It is likely that your parents or grandparents retired with a pension benefit that guaranteed a monthly check for the rest of their life. Times have changed, however, and most companies no longer offer traditional pension plans. Since the introduction of the 401k, the retirement savings burden has slowly shifted to the employee.

Although you might be able to amass substantial retirement assets in your 401k and other vehicles, how will you convert these assets into an income stream during retirement? You might consider converting at least a portion of your retirement savings into a guaranteed lifetime income stream - your own version of regular "pension" payments.

Creating an Income.

When you purchase an immediate annuity, you pay a lump sum to the issuing insurance company in exchange for monthly income payments. These monthly payments are guaranteed to continue for as long as the annuity contract specifies.*

Many immediate annuities offer a choice of payout options. For example, you might choose income payments that last for the rest of your life, or over the joint lifetimes for you and a beneficiary, such as your spouse. Monthly payments received under the joint-lifetime option are smaller than with a single-life only payout plan, but offer a way to provide an income stream to a surviving spouse.

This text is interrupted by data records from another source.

(* Let $X$ be a completely regular space and let $\mathcal B\subset\Sigma_X$ be a base for $X$ consisting of co-zero sets. If the family $\{\mathcal P\in[\mathcal B]^{\le\omega}:\mathcal P\subset_!\mathcal B\}$ contains a club, then the family $\{\mathcal P\in[\Sigma_X]^{\le\omega}:\mathcal P\subset_!\Sigma_X\}$ contains a club too.
   Context: $\Sigma_X$ denotes the collection of all co-zero sets of $X$ (sets of the form $f^{-1}((0,1])$ for continuous $f\colon X\to[0,1]$). For a family $\mathcal P$ of open subsets of $X$ contained in a family $\mathcal Q$ of open subsets of $X$, write $\mathcal P\subset_!\mathcal Q$ if for every subfamily $\mathcal S\subset\mathcal P$ and every point $x\notin\operatorname{cl}_X\bigcup\mathcal S$ there exists $W\in\mathcal P$ with $x\in W$ and $W\cap\bigcup\mathcal S=\emptyset$. $[\mathcal Q]^{\le\omega}$ denotes the set of all countable subfamilies of $\mathcal Q$. A family $\mathcal C\subset[\mathcal Q]^{\le\omega}$ is a club if (i) for every increasing sequence $C_1\subset C_2\subset\cdots$ of members of $\mathcal C$, $\bigcup_nC_n\in\mathcal C$, and (ii) every $B\in[\mathcal Q]^{\le\omega}$ is contained in some $C\in\mathcal C$. *)

theory Defs
  imports "HOL-Analysis.Analysis"
begin

definition cozero_sets :: "'a topology \<Rightarrow> 'a set set" where
  "cozero_sets X = {{x \<in> topspace X. f x \<in> {0<..1}} | f.
       continuous_map X (top_of_set {0..1::real}) f}"

definition is_base :: "'a topology \<Rightarrow> 'a set set \<Rightarrow> bool" where
  "is_base X B \<longleftrightarrow> (\<forall>U\<in>B. openin X U) \<and>
     (\<forall>U. openin X U \<longrightarrow> (\<exists>S\<subseteq>B. \<Union>S = U))"

definition subfam_excl :: "'a topology \<Rightarrow> 'a set set \<Rightarrow> 'a set set \<Rightarrow> bool" where
  "subfam_excl X P Q \<longleftrightarrow> P \<subseteq> Q \<and> (\<forall>U\<in>Q. openin X U) \<and>
     (\<forall>S\<subseteq>P. \<forall>x\<in>topspace X. x \<notin> X closure_of (\<Union>S) \<longrightarrow>
        (\<exists>W\<in>P. x \<in> W \<and> W \<inter> \<Union>S = {}))"

definition countable_subfams :: "'b set \<Rightarrow> 'b set set" where
  "countable_subfams Q = {P. P \<subseteq> Q \<and> countable P}"

definition is_club :: "'b set \<Rightarrow> 'b set set \<Rightarrow> bool" where
  "is_club Q C \<longleftrightarrow> C \<subseteq> countable_subfams Q \<and>
     (\<forall>F::nat \<Rightarrow> 'b set. (\<forall>n. F n \<in> C) \<and> incseq F \<longrightarrow> (\<Union>n. F n) \<in> C) \<and>
     (\<forall>B\<in>countable_subfams Q. \<exists>D\<in>C. B \<subseteq> D)"

end

theory Submission
  imports Defs
begin

(* Let C be a club in [B]^{<=omega} of families D with D \<subset>_! B.  Choose,
   for every pair U, V of co-zero sets with V \<in> B and V not inside cl U, a nonempty
   W \<in> B with W \<subseteq> V - cl U (possible because B is a base).  A countable family
   P \<subseteq> \<Sigma>_X whose trace P \<inter> B lies in C and which is closed under this choice
   satisfies P \<subset>_! \<Sigma>_X: every point of an open U \<in> P lies in a member of P \<inter> B
   contained in cl U, which reduces exclusion for subfamilies of P to exclusion
   for subfamilies of P \<inter> B.  Both conditions (trace in a club, closure under a
   binary operation) define clubs in [\<Sigma>_X]^{<=omega}, and clubs are closed under
   intersection, so these families P form the required club. *)

section \<open>Co-zero sets and bases\<close>

lemma cozero_set_openin:
  assumes "U \<in> cozero_sets X"
  shows "openin X U"
proof -
  obtain f where U: "U = {x \<in> topspace X. f x \<in> {0<..1}}"
    and f: "continuous_map X (top_of_set {0..1::real}) f"
    using assms unfolding cozero_sets_def by blast
  have "{0<..1::real} = {0..1} \<inter> {0<..}" by auto
  then have "openin (top_of_set {0..1::real}) {0<..1}"
    by (metis openin_open_Int open_greaterThan)
  then show ?thesis
    using U f openin_continuous_map_preimage by blast
qed

lemma base_member_outside_closure:
  assumes B: "is_base X B" and V: "openin X V" and nsub: "\<not> V \<subseteq> X closure_of U"
  shows "\<exists>W\<in>B. W \<noteq> {} \<and> W \<subseteq> V - X closure_of U"
proof -
  have "openin X (V - X closure_of U)"
    using V by (simp add: openin_diff)
  then obtain S where S: "S \<subseteq> B" "\<Union>S = V - X closure_of U"
    using B unfolding is_base_def by meson
  moreover have "V - X closure_of U \<noteq> {}"
    using nsub by simp
  ultimately obtain W where "W \<in> S" "W \<noteq> {}"
    by blast
  with S show ?thesis
    by blast
qed

lemma subfam_exclD:
  assumes "subfam_excl X P Q" "S \<subseteq> P" "x \<in> topspace X" "x \<notin> X closure_of \<Union>S"
  shows "\<exists>W\<in>P. x \<in> W \<and> W \<inter> \<Union>S = {}"
  using assms unfolding subfam_excl_def by blast

section \<open>Extending the relation \<open>\<subset>\<^sub>!\<close>\<close>

definition separates_closures :: "'a topology \<Rightarrow> 'a set set \<Rightarrow> 'a set set \<Rightarrow> bool" where
  "separates_closures X P D \<longleftrightarrow>
     (\<forall>U\<in>P. \<forall>V\<in>D. \<not> V \<subseteq> X closure_of U \<longrightarrow> (\<exists>W\<in>D. W \<noteq> {} \<and> W \<subseteq> V - X closure_of U))"

lemma member_inside_closure:
  assumes D: "subfam_excl X D B" and sep: "separates_closures X P D"
    and U: "U \<in> P" "openin X U" and y: "y \<in> U"
  shows "\<exists>V\<in>D. y \<in> V \<and> V \<subseteq> X closure_of U"
proof -
  define T where "T = {W\<in>D. W \<inter> U = {}}"
  have "U \<inter> X closure_of \<Union>T = {}"
    using openin_Int_closure_of_eq_empty[OF U(2)] unfolding T_def by blast
  moreover have "y \<in> topspace X"
    using U(2) y openin_subset by blast
  moreover have "T \<subseteq> D"
    unfolding T_def by blast
  ultimately obtain V where V: "V \<in> D" "y \<in> V" "V \<inter> \<Union>T = {}"
    using subfam_exclD[OF D, of T y] y by blast
  have "V \<subseteq> X closure_of U"
  proof (rule ccontr)
    assume "\<not> V \<subseteq> X closure_of U"
    then obtain W where W: "W \<in> D" "W \<noteq> {}" "W \<subseteq> V - X closure_of U"
      using sep U(1) V(1) unfolding separates_closures_def by meson
    have "U \<subseteq> X closure_of U"
      by (rule closure_of_subset[OF openin_subset[OF U(2)]])
    then have "W \<in> T"
      using W unfolding T_def by blast
    then show False
      using W V(3) by blast
  qed
  then show ?thesis
    using V by blast
qed

text \<open>If \<open>D \<subset>\<^sub>! B\<close> and \<open>D\<close> separates from closures of members of a family
  \<open>D \<subseteq> P \<subseteq> Q\<close> of open sets, then \<open>P \<subset>\<^sub>! Q\<close>: to exclude \<open>x\<close> from \<open>\<Union>S\<close>, \<open>S \<subseteq> P\<close>,
  exclude it from the members of \<open>D\<close> lying inside \<open>cl \<Union>S\<close>.\<close>
lemma subfam_excl_extend:
  assumes D: "subfam_excl X D B" and sep: "separates_closures X P D"
    and DP: "D \<subseteq> P" and PQ: "P \<subseteq> Q" and Qo: "\<forall>U\<in>Q. openin X U"
  shows "subfam_excl X P Q"
  unfolding subfam_excl_def
proof (intro conjI PQ Qo allI impI ballI)
  fix S x
  assume SP: "S \<subseteq> P" and x: "x \<in> topspace X" and xS: "x \<notin> X closure_of \<Union>S"
  define S' where "S' = {V\<in>D. V \<subseteq> X closure_of \<Union>S}"
  have S'_cover: "\<Union>S \<subseteq> \<Union>S'"
  proof
    fix y assume "y \<in> \<Union>S"
    then obtain U where U: "U \<in> S" "y \<in> U" by blast
    then obtain V where "V \<in> D" "y \<in> V" "V \<subseteq> X closure_of U"
      using member_inside_closure[OF D sep] SP PQ Qo by blast
    moreover have "X closure_of U \<subseteq> X closure_of \<Union>S"
      using U(1) by (intro closure_of_mono) blast
    ultimately show "y \<in> \<Union>S'"
      unfolding S'_def by blast
  qed
  have "X closure_of \<Union>S' \<subseteq> X closure_of \<Union>S"
    by (rule closure_of_minimal) (auto simp: S'_def)
  moreover have "S' \<subseteq> D"
    unfolding S'_def by blast
  ultimately obtain W where W: "W \<in> D" "x \<in> W" "W \<inter> \<Union>S' = {}"
    using subfam_exclD[OF D, of S' x] x xS by blast
  have "openin X W"
    using D W(1) unfolding subfam_excl_def by (meson subsetD)
  then have "W \<inter> X closure_of \<Union>S' = {}"
    using W(3) openin_Int_closure_of_eq_empty by blast
  moreover have "\<Union>S \<subseteq> X closure_of \<Union>S'"
    using S'_cover closure_of_subset_Int[of X "\<Union>S'"] SP PQ Qo openin_subset by blast
  ultimately show "\<exists>W\<in>P. x \<in> W \<and> W \<inter> \<Union>S = {}"
    using DP W(1,2) by blast
qed

section \<open>Clubs\<close>

lemma club_countable:
  assumes "is_club Q C" "D \<in> C"
  shows "countable D" "D \<subseteq> Q"
  using assms unfolding is_club_def countable_subfams_def by auto

lemma club_chain_Union:
  fixes F :: "nat \<Rightarrow> 'b set"
  assumes "is_club Q C" "\<And>n. F n \<in> C" "incseq F"
  shows "(\<Union>n. F n) \<in> C"
  using assms unfolding is_club_def by simp

lemma club_superset:
  assumes "is_club Q C" "countable A" "A \<subseteq> Q"
  shows "\<exists>D\<in>C. A \<subseteq> D"
  using assms unfolding is_club_def countable_subfams_def by simp

lemma club_choice:
  assumes "is_club Q C"
  obtains g where "\<And>A. countable A \<Longrightarrow> A \<subseteq> Q \<Longrightarrow> g A \<in> C \<and> A \<subseteq> g A"
proof -
  have "\<forall>A. \<exists>D. countable A \<and> A \<subseteq> Q \<longrightarrow> D \<in> C \<and> A \<subseteq> D"
    using club_superset[OF assms] by blast
  then obtain g where "\<forall>A. countable A \<and> A \<subseteq> Q \<longrightarrow> g A \<in> C \<and> A \<subseteq> g A"
    by (rule choice[THEN exE])
  then show thesis
    using that by blast
qed

lemma countable_subfams_chain_Union:
  fixes F :: "nat \<Rightarrow> 'b set"
  assumes "\<And>n. F n \<in> countable_subfams Q"
  shows "(\<Union>n. F n) \<in> countable_subfams Q"
  using assms unfolding countable_subfams_def by (auto intro!: countable_UN)

lemma interleaved_chains:
  fixes s t :: "nat \<Rightarrow> 'b set"
  assumes st: "\<And>n. s n \<subseteq> t n" and ts: "\<And>n. t n \<subseteq> s (Suc n)"
  shows "incseq s" "incseq t" "(\<Union>n. s n) = (\<Union>n. t n)"
proof -
  show "incseq s" "incseq t"
    unfolding incseq_Suc_iff using st ts by (meson order_trans)+
  show "(\<Union>n. s n) = (\<Union>n. t n)"
    using st ts by blast
qed

lemma incseq_Union_two:
  fixes F :: "nat \<Rightarrow> 'b set"
  assumes "incseq F" "x \<in> (\<Union>n. F n)" "y \<in> (\<Union>n. F n)"
  shows "\<exists>n. x \<in> F n \<and> y \<in> F n"
proof -
  obtain i j where "x \<in> F i" "y \<in> F j"
    using assms(2,3) by blast
  moreover have "F i \<subseteq> F (max i j)" "F j \<subseteq> F (max i j)"
    using assms(1) by (simp_all add: incseqD)
  ultimately show ?thesis
    by blast
qed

Another option is to elect income for your lifetime with a period certain option. For example, if you elected a 10-year period certain option and you died before the end of 10 years, your beneficiaries would continue to receive payments until the period certain option expired.

How Payments Are Taxed.

If your annuity was purchased with after-tax dollars, a portion of each income payment is considered a tax-free return of principal. The rest is subject to ordinary income taxes. Payments received from annuities funded with before-tax IRA assets (Traditional IRAs, 401k's, etc.) would be fully taxed as ordinary income.

Suitable for You?

Immediate annuities can offer retirees a measure of stability and predictability in a world of financial uncertainty. However, as with any financial product, they are not an appropriate solution for everyone. The fixed income payments might not keep pace with inflation (unless the annuity contract includes an inflation rider). Also, you might not be able to withdraw principal or change the payout amount, should you ever need more money. Some immediate annuities do offer special withdrawal features, but such flexibility usually reduces the monthly payments.

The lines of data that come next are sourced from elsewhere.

lemma ratio_lower:
  assumes "n \<ge> 3"
  shows "lower_base / (real n + 3) * p n \<le> max (p (n + 1)) (p (n + 2))"
proof -
  define m where "m = real n"
  define Q where "Q = lower_base / (m + 3)"
  define M where "M = max (p (n + 1)) (p (n + 2))"
  have m: "m \<ge> 3" using assms by (simp add: m_def)
  have d1: "death_rate k3 (n + 1) = k3 * ((m + 1) * m * (m - 1))"
    and d2: "death_rate k3 (n + 2) = k3 * ((m + 2) * (m + 1) * m)"
    by (simp_all add: death_rate_def m_def algebra_simps)
  have d1_nonneg: "death_rate k3 (n + 1) \<ge> 0" using d1 m k3_pos by simp
  have d1_le_d2: "death_rate k3 (n + 1) \<le> death_rate k3 (n + 2)"
    unfolding d1 d2 using m k3_pos by (intro mult_left_mono mult_mono) auto
  have d2_pos: "death_rate k3 (n + 2) > 0" using d2 m k3_pos by simp
  have "(m + 2) * (m + 1) \<le> 2 * (m + 3) * (m - 1)"
  proof -
    have "m * m \<ge> 3 * 3" using m by (intro mult_mono) auto
    then show ?thesis using m by (simp add: algebra_simps)
  qed
  have "2 * Q * death_rate k3 (n + 2) = k2 * m * ((m + 2) * (m + 1)) / (2 * (m + 3))"
    unfolding d2 Q_def lower_base_def using k3_pos m by (simp add: divide_simps)
  also have "\<dots> \<le> k2 * m * (2 * (m + 3) * (m - 1)) / (2 * (m + 3))"
    using \<open>(m + 2) * (m + 1) \<le> _\<close> k2_pos m by (intro divide_right_mono mult_left_mono) auto
  also have "\<dots> \<le> birth_rate k1 k2 n"
    using m k1_pos by (simp add: birth_rate_def m_def)
  finally have rate_le: "2 * Q * death_rate k3 (n + 2) \<le> birth_rate k1 k2 n" .
  have "(2 * death_rate k3 (n + 2)) * (Q * p n) = 2 * Q * death_rate k3 (n + 2) * p n"
    by simp
  also have "\<dots> \<le> birth_rate k1 k2 n * p n"
    using rate_le nonneg by (rule mult_right_mono)
  also have "\<dots> \<le> death_rate k3 (n + 1) * M + death_rate k3 (n + 2) * M"
    unfolding flux_balance M_def using d1_nonneg d2_pos
    by (intro add_mono mult_left_mono) auto
  also have "\<dots> \<le> 2 * death_rate k3 (n + 2) * M"
    using d1_le_d2 nonneg[of "n + 1"] by (simp add: M_def mult_right_mono)
  finally have "Q * p n \<le> M"
    by (rule mult_left_le_imp_le) (use d2_pos in simp)
  then show ?thesis by (simp add: Q_def M_def m_def)
qed

lemma running_max_lower:
  assumes "x0 \<ge> 3" "lower_base \<le> real x0 + 2" "n \<ge> x0"
  shows "p x0 * (lower_base / (real n + 2)) ^ (n - x0) \<le> max (p n) (p (n + 1))"
  using assms(3)
proof (induction n rule: dec_induct)
  case base
  show ?case by simp
next
  case (step n)
  define q where "q = lower_base / (real n + 3)"
  have q: "0 \<le> q" "q \<le> 1" "q \<le> lower_base / (real n + 2)"
    using lower_base_pos assms(2) step.hyps(1) by (auto simp: q_def frac_le)
  have "p x0 * q ^ (Suc n - x0) = q * (p x0 * q ^ (n - x0))"
    using step.hyps(1) by (simp add: Suc_diff_le)
  also have "\<dots> \<le> q * (p x0 * (lower_base / (real n + 2)) ^ (n - x0))"
    using q nonneg by (intro mult_left_mono power_mono) auto
  also have "\<dots> \<le> q * max (p n) (p (n + 1))"
    using step.IH q(1) by (rule mult_left_mono)
  also have "\<dots> = max (q * p n) (q * p (n + 1))"
    using q by (simp add: max_mult_distrib_left)
  also have "\<dots> \<le> max (p (n + 1)) (p (n + 2))"
  proof -
    have "q * p n \<le> max (p (n + 1)) (p (n + 2))"
      using ratio_lower[of n] step.hyps(1) assms(1) by (simp add: q_def)
    moreover have "q * p (n + 1) \<le> p (n + 1)"
      using q nonneg by (simp add: mult_left_le_one_le)
    ultimately show ?thesis by simp
  qed
  finally show ?case by (simp add: q_def add.commute)
qed

lemma tail_lower:
  assumes "x0 \<ge> 3" "lower_base \<le> real x0 + 2" "n \<ge> x0"
  shows "p x0 * (lower_base / (real n + 2)) ^ n \<le> tail p n"
proof -
  have base: "0 \<le> lower_base / (real n + 2)" "lower_base / (real n + 2) \<le> 1"
    using lower_base_pos assms by auto
  have "p x0 * (lower_base / (real n + 2)) ^ n \<le> p x0 * (lower_base / (real n + 2)) ^ (n - x0)"
    using base nonneg by (intro mult_left_mono power_decreasing) auto
  also have "\<dots> \<le> max (p n) (p (n + 1))"
    using running_max_lower[OF assms] .
  also have "\<dots> \<le> tail p n"
    using tail_ge[OF prob_dist] by simp
  finally show ?thesis .
qed

end

theorem mainTheorem12:
  fixes k1 k2 k3 :: real and p :: "nat \<Rightarrow> real"
  assumes "k1 > 0" and "k2 > 0" and "k3 > 0"
    and "stationary {1, -2} (rates_ex k1 k2 k3) p"
    and "\<forall>N. \<exists>x\<ge>N. p x > 0"
  shows "p \<in> P1plus 1 \<inter> P1minus 1"
proof -
  interpret mass_action_stationary k1 k2 k3 p
    using assms(1-4) by unfold_locales
  have "p \<in> P1plus 1"
    using prob_dist upper_base_pos nonneg[of 2] tail_upper
    by (intro P1plus_oneI[where C = "2 * (p 2 * (2 / upper_base) ^ 2)"
          and N = "max 2 (nat \<lceil>2 * upper_base\<rceil>)"]) auto
  moreover obtain x0 where "x0 \<ge> max 3 (nat \<lceil>lower_base\<rceil>)" "p x0 > 0"
    using assms(5) by blast
  then have "p \<in> P1minus 1"
    using prob_dist lower_base_pos tail_lower[of x0]
    by (intro P1minus_oneI[where c = lower_base and C = "1 / p x0" and N = x0])
      (auto simp: field_simps)
  ultimately show ?thesis by simp
qed

end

So, if you're interested in taking guaranteed payments from a lump sum of existing assets, give an immediate annuity a good look. A financial professional can show you available income options specific to your situation and explain more of the benefits these unique products have to offer.

* Annuity withdrawals are generally taxed as ordinary income and may be subject to surrender charges, in addition to a 10% federal income tax penalty if made prior to age 59 1/2. The guarantees and payments of income are contingent on the claims paying ability of the issuing insurance carrier.